THE storm over Friday night's new late-night TV show, Hotel Babylon, though embarrassing for ITV, could not have come at a better time. A leaked fax from Heineken, the programme's sponsor, demanded that there should be more of its beer on the bar, and fewer blacks in the audience. At least that inspired people to tune in, if only to count the incidence of both: not much of the former but a lot of the latter.
Until then, last week's launch of the new night-time mini-network by nine of the 15 regional ITV companies had scarcely gripped the public's imagination. The bid to persuade people to keep the set switched on at the end of News at Ten, and to stay tuned after midnight, had gone largely unnoticed.
At present audiences fall away rapidly after 10.30, when national ITV networking ends and the regional companies devise their own schedules.
From the 20 million-plus likely to be watching all channels during prime time, the number falls to around eight million in the half hour before midnight and to below two million by 1.30, after which insomniacs and night workers predominate.
Worse, ITV's share of this dwindling audience drops after the news, from an average of 36 per cent earlier to 28 per cent by 1.30, when only half a million people are tuned to ITV. So the nine regional companies set up an eight-person editorial board to commission new programmes for night owls, Hotel Babylon among them. Rod Henwood, managing director of Central, is one of the eight board members.
"We used to have predominantly music and showbiz-based output at these times that was cheap and cheerful," he explains. "We thought we could generate a more appealing service and some sponsorship income."
The new programmes are just as cheap as the old ones - the average cost of pounds 8,000 per hour has not been increased - but are less noisily cheerful. Out goes heavy metal, in comes heavy introspection, leavened by a fashionably frank approach to gender. The chief ingredient is chat, especially about sex and personal issues.
This "television with attitude" is what young Heineken drinkers are presumed to lap up. On the first Hotel Babylon, much of the attitude was supplied by La Toya Jackson, who, coiled in a pet snake, confided in the presenter Dani Behr about her visit to a sperm bank.

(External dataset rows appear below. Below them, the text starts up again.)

lemma set_integral_halfline_FTC:
  fixes f F :: "real \<Rightarrow> 'a::euclidean_space"
  assumes F: "\<And>t. (F has_vector_derivative f t) (at t)"
    and f_cont: "continuous_on UNIV f" and f_int: "set_integrable lborel {0..} f"
    and F_infinity: "(F \<longlongrightarrow> 0) at_top"
  shows "(LINT t:{0..}|lborel. f t) = - F 0"
proof -
  have f_meas: "set_borel_measurable lborel S f" if "S \<in> sets borel" for S
    unfolding set_borel_measurable_def measurable_lborel2
    using that f_cont by (blast intro: borel_measurable_continuous_on_indicator continuous_on_subset)
  have "(F \<longlongrightarrow> F 0) (at 0)"
    using has_vector_derivative_continuous[OF F] by (simp add: isCont_def)
  then have F_0: "(F \<longlongrightarrow> F 0) (at_right 0)"
    by (rule tendsto_within_subset) simp
  have "(LINT t:{0..}|lborel. f t) = (LINT t:{0<..}|lborel. f t)"
    using AE_lborel_singleton[of "0::real"]
    by (intro set_integral_cong_set f_meas) (auto elim!: eventually_mono)
  also have "\<dots> = (LBINT t=ereal 0..\<infinity>. f t)"
    by (rule interval_integral_to_infinity_eq[symmetric])
  also have "\<dots> = 0 - F 0"
  proof (rule interval_integral_FTC_integrable[where F=F])
    show "isCont f t" for t
      using f_cont by (simp add: continuous_on_eq_continuous_at)
    show "set_integrable lborel (einterval (ereal 0) \<infinity>) f"
      by (rule set_integrable_subset[OF f_int]) auto
    show "((F \<circ> real_of_ereal) \<longlongrightarrow> F 0) (at_right (ereal 0))"
      using F_0 by (simp add: ereal_tendsto_simps1)
    show "((F \<circ> real_of_ereal) \<longlongrightarrow> 0) (at_left \<infinity>)"
      using F_infinity by (simp add: ereal_tendsto_simps1)
  qed (use F in auto)
  finally show ?thesis by simp
qed

lemma tendsto_exp_mult_bounded_at_top:
  fixes g :: "real \<Rightarrow> complex"
  assumes "Re \<alpha> < 0" "\<And>t. norm (g t) \<le> B"
  shows "((\<lambda>t. exp (\<alpha> * complex_of_real t) * g t) \<longlongrightarrow> 0) at_top"
proof (rule Lim_null_comparison)
  show "\<forall>\<^sub>F t in at_top. norm (exp (\<alpha> * complex_of_real t) * g t) \<le> B * exp (Re \<alpha> * t)"
    using assms(2) by (intro always_eventually allI) (simp add: norm_mult mult.commute)
  have "LIM t at_top. Re \<alpha> * t :> at_bot"
    by (rule filterlim_tendsto_neg_mult_at_bot[OF tendsto_const assms(1) filterlim_ident])
  then show "((\<lambda>t. B * exp (Re \<alpha> * t)) \<longlongrightarrow> 0) at_top"
    by (intro tendsto_mult_right_zero filterlim_compose[OF exp_at_bot])
qed

section \<open>Directional derivatives\<close>

lemma continuous_on_UNIV_differentiable:
  "(\<And>x. f differentiable (at x)) \<Longrightarrow> continuous_on UNIV f"
  by (simp add: differentiable_imp_continuous_on differentiable_on_def)

lemma dir_deriv_eq_sum_Basis:
  fixes \<psi> :: "'a::euclidean_space \<Rightarrow> complex"
  assumes "\<psi> differentiable (at y)"
  shows "dir_deriv h \<psi> y = (\<Sum>i\<in>Basis. (h \<bullet> i) *\<^sub>R dir_deriv i \<psi> y)"
proof -
  have lin: "linear (frechet_derivative \<psi> (at y))"
    using assms frechet_derivative_works has_derivative_linear by blast
  have "dir_deriv h \<psi> y = frechet_derivative \<psi> (at y) (\<Sum>i\<in>Basis. (h \<bullet> i) *\<^sub>R i)"
    by (simp add: dir_deriv_def euclidean_representation)
  also have "\<dots> = (\<Sum>i\<in>Basis. (h \<bullet> i) *\<^sub>R dir_deriv i \<psi> y)"
    by (simp add: linear_sum[OF lin] linear_scale[OF lin] dir_deriv_def)
  finally show ?thesis .
qed

lemma norm_sum_Basis_scaleR_le:
  fixes c :: "'a::euclidean_space \<Rightarrow> 'b::real_normed_vector"
  assumes "\<And>i. i \<in> Basis \<Longrightarrow> norm (c i) \<le> B"
  shows "norm (\<Sum>i\<in>Basis. (h \<bullet> i) *\<^sub>R c i) \<le> real DIM('a) * B * norm h"
proof -
  have "norm (\<Sum>i\<in>Basis. (h \<bullet> i) *\<^sub>R c i) \<le> (\<Sum>i\<in>(Basis::'a set). norm h * B)"
    using assms Basis_le_norm norm_ge_zero
    by (intro order_trans[OF norm_sum] sum_mono) (auto intro!: mult_mono)
  then show ?thesis by (simp add: mult_ac)
qed

lemma uniform_bound_finite:
  fixes f :: "'i \<Rightarrow> 'b \<Rightarrow> 'c::real_normed_vector"
  assumes "finite A" "\<And>i. i \<in> A \<Longrightarrow> bounded (range (f i))"
  obtains B where "\<And>i y. i \<in> A \<Longrightarrow> norm (f i y) \<le> B"
proof -
  have "bounded (\<Union>i\<in>A. range (f i))"
    using assms by (intro bounded_UN) auto
  then obtain B where "\<forall>z\<in>(\<Union>i\<in>A. range (f i)). norm z \<le> B"
    by (auto simp: bounded_iff)
  then show ?thesis using that by blast
qed

lemma lipschitz_of_bounded_dir_derivs:
  fixes g :: "'a::euclidean_space \<Rightarrow> complex"
  assumes "\<And>x. g differentiable (at x)"
    and "\<And>i y. i \<in> Basis \<Longrightarrow> norm (dir_deriv i g y) \<le> B"
  shows "norm (g x - g y) \<le> real DIM('a) * B * norm (x - y)"
proof (rule differentiable_bound[where S=UNIV and f'="\<lambda>z. frechet_derivative g (at z)"])
  show "(g has_derivative frechet_derivative g (at z)) (at z within UNIV)" for z
    using assms(1) frechet_derivative_works by auto
  show "onorm (frechet_derivative g (at z)) \<le> real DIM('a) * B" for z
  proof (rule onorm_le)
    fix h
    have "frechet_derivative g (at z) h = (\<Sum>i\<in>Basis. (h \<bullet> i) *\<^sub>R dir_deriv i g z)"
      using dir_deriv_eq_sum_Basis[OF assms(1), where y=z and h=h] by (simp add: dir_deriv_def)
    also have "norm \<dots> \<le> real DIM('a) * B * norm h"
      by (rule norm_sum_Basis_scaleR_le) (rule assms(2))
    finally show "norm (frechet_derivative g (at z) h) \<le> real DIM('a) * B * norm h" .
  qed
qed auto

lemma first_order_remainder_le:
  fixes \<psi> :: "'a::euclidean_space \<Rightarrow> complex"
  assumes d: "\<And>x. \<psi> differentiable (at x)"
    and L: "\<And>i y z. i \<in> Basis \<Longrightarrow> norm (dir_deriv i \<psi> y - dir_deriv i \<psi> z) \<le> L * norm (y - z)"
  shows "norm (\<psi> (y + h) - \<psi> y - dir_deriv h \<psi> y) \<le> real DIM('a) * L * norm h ^ 2"
proof -
  obtain i0 :: 'a where "i0 \<in> Basis" using nonempty_Basis by blast
  then have "norm (dir_deriv i0 \<psi> i0 - dir_deriv i0 \<psi> 0) \<le> L" using L[of i0 i0 0] by simp
  then have "0 \<le> L" by (rule order_trans[OF norm_ge_zero])
  have "norm (\<psi> (y + h) - \<psi> y - frechet_derivative \<psi> (at y) (y + h - y))
      \<le> norm (y + h - y) * (real DIM('a) * L * norm h)"
  proof (rule differentiable_bound_linearization[where S="cball y (norm h)"])
    show "y + t *\<^sub>R (y + h - y) \<in> cball y (norm h)" if "t \<in> {0..1}" for t
      using that mult_right_mono[of t 1 "norm h"] by (auto simp: dist_norm)
    show "(\<psi> has_derivative frechet_derivative \<psi> (at x)) (at x within cball y (norm h))" for x
      using d frechet_derivative_works has_derivative_at_withinI by blast
    show "onorm (frechet_derivative \<psi> (at x) - frechet_derivative \<psi> (at y))
        \<le> real DIM('a) * L * norm h" if "x \<in> cball y (norm h)" for x
    proof (rule onorm_le)
      fix k
      have "norm (x - y) \<le> norm h"
        using \<open>x \<in> cball y (norm h)\<close> by (simp add: dist_norm norm_minus_commute)
      then have "norm (dir_deriv i \<psi> x - dir_deriv i \<psi> y) \<le> L * norm h" if "i \<in> Basis" for i
        using L[OF that, of x y] \<open>0 \<le> L\<close> by (meson mult_left_mono order_trans)
      then have "norm (\<Sum>i\<in>Basis. (k \<bullet> i) *\<^sub>R (dir_deriv i \<psi> x - dir_deriv i \<psi> y))
          \<le> real DIM('a) * (L * norm h) * norm k"
        by (rule norm_sum_Basis_scaleR_le)
      then show "norm ((frechet_derivative \<psi> (at x) - frechet_derivative \<psi> (at y)) k)
          \<le> real DIM('a) * L * norm h * norm k"
        using dir_deriv_eq_sum_Basis[OF d, where y=x and h=k] dir_deriv_eq_sum_Basis[OF d, where y=y and h=k]
        by (simp add: dir_deriv_def sum_subtractf scaleR_diff_right mult_ac)
    qed
  qed auto
  then show ?thesis by (simp add: dir_deriv_def power2_eq_square mult_ac)
qed

lemma has_derivative_at_of_quadratic_remainder:
  fixes f :: "'a::real_normed_vector \<Rightarrow> 'b::real_normed_vector"
  assumes "bounded_linear f'"
    and "\<And>h. norm (f (x + h) - f x - f' h) \<le> K * norm h ^ 2"
  shows "(f has_derivative f') (at x)"
  unfolding has_derivative_at_alt
proof (intro conjI allI impI assms(1))
  fix e :: real assume "0 < e"
  show "\<exists>d>0. \<forall>y. norm (y - x) < d \<longrightarrow> norm (f y - f x - f' (y - x)) \<le> e * norm (y - x)"
  proof (intro exI conjI allI impI)
    show "0 < e / (\<bar>K\<bar> + 1)" using \<open>0 < e\<close> by simp
    fix y assume y: "norm (y - x) < e / (\<bar>K\<bar> + 1)"
    have "K * norm (y - x) \<le> (\<bar>K\<bar> + 1) * norm (y - x)"
      by (intro mult_right_mono) auto
    also have "\<dots> \<le> e"
      using y pos_less_divide_eq[of "\<bar>K\<bar> + 1"] by (simp add: mult.commute)
    finally have "K * norm (y - x) \<le> e" .
    then have "K * norm (y - x) ^ 2 \<le> e * norm (y - x)"
      by (simp add: power2_eq_square mult_right_mono flip: mult.assoc)
    then show "norm (f y - f x - f' (y - x)) \<le> e * norm (y - x)"
      using assms(2)[of "y - x"] by simp
  qed
qed

lemma has_vector_derivative_along_line:
  fixes \<phi> :: "'a::euclidean_space \<Rightarrow> complex"
  assumes "\<phi> differentiable (at (x - t *\<^sub>R u))"
  shows "((\<lambda>s. \<phi> (x - s *\<^sub>R u)) has_vector_derivative - dir_deriv u \<phi> (x - t *\<^sub>R u)) (at t)"
proof -
  have lin: "linear (frechet_derivative \<phi> (at (x - t *\<^sub>R u)))"
    using assms frechet_derivative_works has_derivative_linear by blast
  have "((\<lambda>s. x - s *\<^sub>R u) has_derivative (\<lambda>s. - (s *\<^sub>R u))) (at t)"
    by (auto intro!: derivative_eq_intros)
  from diff_chain_at[OF this frechet_derivative_works[THEN iffD1, OF assms]]
  have "((\<phi> \<circ> (\<lambda>s. x - s *\<^sub>R u)) has_derivative
      (frechet_derivative \<phi> (at (x - t *\<^sub>R u)) \<circ> (\<lambda>s. - (s *\<^sub>R u)))) (at t)" .
  moreover have "frechet_derivative \<phi> (at (x - t *\<^sub>R u)) \<circ> (\<lambda>s. - (s *\<^sub>R u))
      = (\<lambda>s. s *\<^sub>R - dir_deriv u \<phi> (x - t *\<^sub>R u))"
    by (rule ext) (simp add: linear_neg[OF lin] linear_scale[OF lin] dir_deriv_def)
  ultimately show ?thesis
    by (simp add: has_vector_derivative_def o_def)
qed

This is an "advertiser supplied programme", which goes one degree beyond sponsorship: it means that Heineken have direct contact with the producers, Bob Geldof's Planet 24. The ITV companies that screen it remain responsible for enforcing the Independent Television Commission's requirement that no "undue prominence" should be given to the sponsor's products. They need not have worried. Apart from brief credits at the beginning and end, Heineken were nowhere in evidence, even in the commercial breaks. No wonder their sponsorship department was angry.
Hotel Babylon is followed on Fridays by The Good Sex Guide . . . Late, in which Toyah Willcox hosts a low-key version of those self-revelatory talk shows pioneered in the United States, last week featuring a man being smothered with chocolate. On Saturdays comes Pyjama Party, in which young women in frilly nightwear try to recreate their conspiratorial teenage years. The programme's presenter and creator, Katie Puckrick, insists that not all the confidences exchanged will be about sex, but don't bank on it. Wednesdays offer Dear Nick, an agony uncle: last week he covered body piercing, this week it's losing your virginity.
"We conducted extensive research into the numbers of people viewing and their attitude to the night-time services around," says Mr Henwood. "The research showed that identifying the night-time audience wasn't just a question of making generalisations about age but looking at people's lifestyles. Pyjama Party and the other youth-oriented programmes we're showing are not just for 16 to 24-year-olds, but are likely to be watchable by an older audience as well."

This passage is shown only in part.